I will never forget the time I had to make a difficult choice between my best friend and my dad. I regret the choice that I made.
When I was about 8 years old and I was living in Virginia my dad had to go to Iraq for a year. I wanted to spend the night at my best friend Tom’s house on the last night that my dad had with the family before going to Iraq. I had to choose between spending my last night with my dad for a year or spending the night at my best friend’s house. Unfortunately I chose to spend the night at my best friend’s house.
When I think back to this day it makes me feel so mad at myself and sad and beat up inside. At first I thought that my best friend wouldn’t be in my life as long as my dad so I might as well spend the night at my best friend’s house. Now I really regret the decision that I made. After I spent the night at my friend’s house, I didn’t see my dad for a whole year, maybe longer after that night. I didn’t even get to say goodbye to him or say I love him or that I’m sorry.

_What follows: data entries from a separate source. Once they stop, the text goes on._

lemma empty_in_feasible: "0 \<le> w \<Longrightarrow> {} \<in> feasible j wt w"
  by (simp add: feasible_def wsum_def)

text \<open>When nothing is feasible, \<^const>\<open>vmax\<close> is the maximum of the empty set, an
  unspecified value; both sides are empty then.\<close>

lemma opt_sols_eq_maximizers:
  "opt_sols j wt v w = maximizers (\<lambda>S. ereal (wsum v S)) (feasible j wt w)"
proof (cases "feasible j wt w = {}")
  case False
  have "ereal (vmax j wt v w) = Max (ereal ` wsum v ` feasible j wt w)"
    unfolding vmax_def using False finite_feasible
    by (intro mono_Max_commute) (auto simp: mono_def)
  also have "\<dots> = (SUP S\<in>feasible j wt w. ereal (wsum v S))"
    using False finite_feasible by (simp add: Max_Sup image_image)
  finally have Sup_eq: "(SUP S\<in>feasible j wt w. ereal (wsum v S)) = ereal (vmax j wt v w)" ..
  show ?thesis
    by (auto simp: opt_sols_def maximizers_def Sup_eq)
qed (simp add: opt_sols_def)

lemma SUP_insert_feasible:
  "(SUP S\<in>insert (Suc j) ` feasible j wt w. ereal (wsum v S))
     = (SUP S\<in>feasible j wt w. ereal (wsum v S)) + ereal (v (Suc j))"
proof (cases "feasible j wt w = {}")
  case False
  have "(SUP S\<in>insert (Suc j) ` feasible j wt w. ereal (wsum v S))
      = (SUP S\<in>feasible j wt w. ereal (wsum v S) + ereal (v (Suc j)))"
    unfolding image_image by (rule SUP_cong) (simp_all add: wsum_insert_feasible add.commute)
  also have "\<dots> = (SUP S\<in>feasible j wt w. ereal (wsum v S)) + ereal (v (Suc j))"
    using False by (intro SUP_ereal_add_left) auto
  finally show ?thesis .
qed (simp add: bot_ereal_def)

lemma maximizers_insert_feasible:
  "maximizers (\<lambda>S. ereal (wsum v S)) (insert (Suc j) ` feasible j wt w)
     = insert (Suc j) ` maximizers (\<lambda>S. ereal (wsum v S)) (feasible j wt w)"
proof -
  have "maximizers ((\<lambda>S. ereal (wsum v S)) \<circ> insert (Suc j)) (feasible j wt w)
      = maximizers (\<lambda>S. ereal (wsum v S) + ereal (v (Suc j))) (feasible j wt w)"
    by (rule maximizers_cong) (simp add: wsum_insert_feasible)
  then show ?thesis
    by (simp only: maximizers_image maximizers_add_ereal)
qed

I never knew how it made me feel back then but I sure do now. Back then I really didn’t care that much about it. I thought that my dad will come back home soon. My dad didn’t come home. I was wondering all the time where he was. That year without him was very long, hard, lonely, and depressing.
It must have made my dad even more upset than me when I chose my best friend over him. Every time I think back to that day where I made the most dumbest decision ever, I feel what my dad must have felt and more. I regret a lot of things, but I mostly regret choosing my best friend over my dad.
Now I like to go everywhere with my dad. I would rather be with my dad than almost any other person. I have been and always will be a daddy’s boy. I learned love, compassion, empathy, respect, loyalty, and honesty from that experience. Now I believe in things that I never believed in before. I believe in love, I believe in respect, I believe empathy, I believe in compassion, I believe in loyalty, I believe in honesty, and I believe in regret.
Now, anytime I have a decision between my dad and someone else, I’m more likely to choose my dad.